On 21 Jul 2010, at 09:42, Daniel Kinzler wrote:
Kang+Hsu+Krajbich+2009+the+wick+in
This seems best to me of what's proposed so far.
Both seem good, though i would suggest to form a convention to ignore any leading "the" and "a", to a more distinctive 3 word suffix.
While that's a good idea, then we'd have to know all "indistinctive" words in all languages. (Die, Der, La, L', ...)
There are still going to be duplicates, alas...
Of course, it does not have to be _exactly_ three authors, nor three words from the title, and it does not solve the John Smith (or Zheng Wang) problem.
It also doesn't solve issues with transliteration: Merik Möller may become "Moeller" or "Moller", Jakob Voß may become "Voss" or "Vosz" or even "VoB", etc.

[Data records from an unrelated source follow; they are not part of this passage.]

lemma contact_metric_V52:
  assumes "y1 > 0" "y2 > 0" "y3 > 0" "y1 = 4 * y2 * y3"
  shows "contact_metric m_space brm (eta_V y1 y2 y3) (xi_V y1 y2 y3) (g_met y1 y2 y3) (Phi_V y1 y2 y3)"
proof -
  have "\<exists>v. (\<forall>i. v i \<in> m_space) \<and> eta_wedge_deta3 brm (eta_V y1 y2 y3) v \<noteq> 0"
    using assms(1) by (auto simp: m_space_eq_range_m_vec eta_wedge_deta3_m_vec_unit_vec
        intro!: exI[of _ "\<lambda>i. m_vec (unit_vec i)"])
  moreover have "xi_V y1 y2 y3 \<in> m_space" "eta_V y1 y2 y3 (xi_V y1 y2 y3) = 1"
    using assms(1) by (simp_all add: m_space_eq_range_m_vec xi_V_eq_m_vec eta_V_m_vec unit_vec_def)
  moreover have "Phi_V y1 y2 y3 X \<in> m_space" if "X \<in> m_space" for X
    using that by (auto simp: m_space_eq_range_m_vec Phi_V_m_vec)
  ultimately show ?thesis
    unfolding contact_metric_def
    using Phi_V_Phi_V[OF assms(1-3)] g_met_Phi_V_Phi_V[OF assms(1-3)]
      d_form_eta_V_eq_g_met_Phi_V[OF assms] by simp
qed

lemma nijenhuis_Phi_V_m_vec:
  "nijenhuis brm (Phi_V y1 y2 y3) (m_vec c) (m_vec d) = m_vec (\<lambda>k.
      m_bracket (\<phi> c) (\<phi> d) k + \<phi> (\<phi> (m_bracket c d)) k
      - \<phi> (m_bracket (\<phi> c) d) k - \<phi> (m_bracket c (\<phi> d)) k)"
  if "\<phi> = phi_coords (sqrt y2) (sqrt y3)"
  using that by (simp add: nijenhuis_def Phi_V_m_vec brm_m_vec madd_m_vec msub_m_vec)

lemma nijenhuis_Phi_V_e1_e2:
  assumes "y2 > 0" "y3 > 0"
  shows "nijenhuis brm (Phi_V y1 y2 y3) (m_vec (unit_vec 1)) (m_vec (unit_vec 2))
    = m_vec (\<lambda>k. (1 - y2 / y3) * unit_vec 5 k)"
proof -
  obtain a b where ab: "a > 0" "b > 0" "y2 = a\<^sup>2" "y3 = b\<^sup>2"
    using assms positive_real_is_square by meson
  show ?thesis
    unfolding nijenhuis_Phi_V_m_vec[OF refl]
    by (intro m_vec_cong, drule atLeastAtMost_1_7_cases, elim disjE)
      (use ab in \<open>simp_all add: m_bracket_def phi_coords_def unit_vec_def power2_eq_square\<close>)
qed

lemma normal_structure_V52_iff:
  assumes "y1 > 0" "y2 > 0" "y3 > 0"
  shows "normal_structure m_space brm (eta_V y1 y2 y3) (xi_V y1 y2 y3) (Phi_V y1 y2 y3) \<longleftrightarrow> y2 = y3"
proof -
  have rhs: "msc (- d_form brm (eta_V y1 y2 y3) (m_vec c) (m_vec d)) (xi_V y1 y2 y3)
      = m_vec (\<lambda>k. m_bracket c d 1 * unit_vec 1 k)" for c d
    using assms(1) by (simp add: d_form_m_vec xi_V_eq_m_vec msc_m_vec)
  show ?thesis
  proof
    assume "normal_structure m_space brm (eta_V y1 y2 y3) (xi_V y1 y2 y3) (Phi_V y1 y2 y3)"
    then have "nijenhuis brm (Phi_V y1 y2 y3) (m_vec (unit_vec 1)) (m_vec (unit_vec 2))
        = msc (- d_form brm (eta_V y1 y2 y3) (m_vec (unit_vec 1)) (m_vec (unit_vec 2))) (xi_V y1 y2 y3)"
      unfolding normal_structure_def m_space_eq_range_m_vec by blast
    then have "m_vec (\<lambda>k. (1 - y2 / y3) * unit_vec 5 k)
        = m_vec (\<lambda>k. m_bracket (unit_vec 1) (unit_vec 2) 1 * unit_vec 1 k)"
      unfolding rhs nijenhuis_Phi_V_e1_e2[OF assms(2,3)] .
    then have "1 - y2 / y3 = 0"
      unfolding m_vec_eq_iff by (auto dest: bspec[of _ _ 5] simp: m_bracket_def unit_vec_def)
    then show "y2 = y3"
      using assms(3) by simp
  next
    assume "y2 = y3"
    have "nijenhuis brm (Phi_V y1 y2 y3) (m_vec c) (m_vec d)
        = m_vec (\<lambda>k. m_bracket c d 1 * unit_vec 1 k)" for c d
      unfolding nijenhuis_Phi_V_m_vec[OF refl] \<open>y2 = y3\<close>
      by (intro m_vec_cong, drule atLeastAtMost_1_7_cases, elim disjE)
        (use assms(3) in \<open>simp_all add: m_bracket_def phi_coords_def unit_vec_def algebra_simps\<close>)
    then show "normal_structure m_space brm (eta_V y1 y2 y3) (xi_V y1 y2 y3) (Phi_V y1 y2 y3)"
      unfolding normal_structure_def m_space_eq_range_m_vec by (auto simp: rhs)
  qed
qed
(* Let $(\mu_i,\mathcal{S}_i,L_i,\pi_i)_{i=1}^n$ be irreducible, reversible continuous-time finite Markov chains, $p_1,\dots,p_n>0$ with $\sum_ip_i\le1$, and $(\mu,\mathcal{S},L,\pi)$ the product chain. With $\varrho_l,\rho_l,\psi_l,\varphi_l,j(c),\tilde j(c)$ as defined in the context, \[\varrho_{j(c)}\le\rho_{\tilde j(c)}\le\varrho_{j(e^c-1)}\quad\text{for all }c>0,\] with the conventions $\min\emptyset=\infty$ (and the corresponding eigenvalue $=\infty$).
   Context: Product chain: $\mathcal{S}=\prod_{i=1}^n\mathcal{S}_i$, $\mu=\prod_i\mu_i$, $\pi=\prod_i\pi_i$, $L=\sum_{i=1}^np_iI_1\otimes\cdots\otimes I_{i-1}\otimes L_i\otimes I_{i+1}\otimes\cdots\otimes I_n$. Let $0=\lambda_{i,0}\le\lambda_{i,1}\le\dots\le\lambda_{i,|\mathcal{S}_i|-1}$ be the eigenvalues of $-L_i$ with $L^2(\pi_i)$-orthonormal right eigenvectors $\phi_{i,0}=\mathbf1,\phi_{i,1},\dots$. Let $\Gamma=\{J=(j_1,\dots,j_n):0\le j_i<|\mathcal{S}_i|\}$, and for $J\in\Gamma$ set $\lambda_J=\sum_ip_i\lambda_{i,j_i}$, $\phi_J=\prod_i\phi_{i,j_i}$ (tensor product), and $\mu(\phi_J)=\prod_i\mu_i(\phi_{i,j_i})$ where $\mu_i(\phi)=\sum_x\mu_i(x)\phi(x)$. Enumerate $\{\lambda_J:J\in\Gamma,J\ne\mathbf0\}$ as $\varrho_1\le\varrho_2\le\cdots$ with $\psi_l$ the corresponding $\mu(\phi_J)$; enumerate $\{p_i\lambda_{i,j}:1\le j<|\mathcal{S}_i|,1\le i\le n\}$ as $\rho_1\le\rho_2\le\cdots$ with $\varphi_l$ the corresponding $\mu_i(\phi_{i,j})$. For $c>0$: $j(c)=\min\{j\ge1:\sum_{l=1}^j\psi_l^2>c\}$ and $\tilde j(c)=\min\{j\ge1:\sum_{l=1}^j\varphi_l^2>c\}$. *)

theory Defs
  imports "HOL-Analysis.Analysis" "HOL-Library.Extended_Nat" "HOL-Library.Extended_Real"
begin

definition generator :: "'s set \<Rightarrow> ('s \<Rightarrow> 's \<Rightarrow> real) \<Rightarrow> bool" where
  "generator S L \<longleftrightarrow> finite S \<and> S \<noteq> {} \<and>
     (\<forall>x\<in>S. \<forall>y\<in>S. x \<noteq> y \<longrightarrow> L x y \<ge> 0) \<and>
     (\<forall>x\<in>S. (\<Sum>y\<in>S. L x y) = 0)"

definition irreducible_gen :: "'s set \<Rightarrow> ('s \<Rightarrow> 's \<Rightarrow> real) \<Rightarrow> bool" where
  "irreducible_gen S L \<longleftrightarrow>
     (\<forall>x\<in>S. \<forall>y\<in>S. x \<noteq> y \<longrightarrow> (x, y) \<in> {(u, v). u \<in> S \<and> v \<in> S \<and> u \<noteq> v \<and> L u v > 0}\<^sup>+)"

In case of chinese names, it's often not easy to decide which part is the last name.
To avoid this kind of ambiguity, i suggest to automatically apply some type of normalization and/or hashing. There is quite a bit of research about this kind of normalisation out there, generally with the aim of detecting duplicates. Perhaps we can learn from bibsonomy.org, have a look how they do it: http://www.bibsonomy.org/help/doc/inside.html.
Good idea!
-Jodi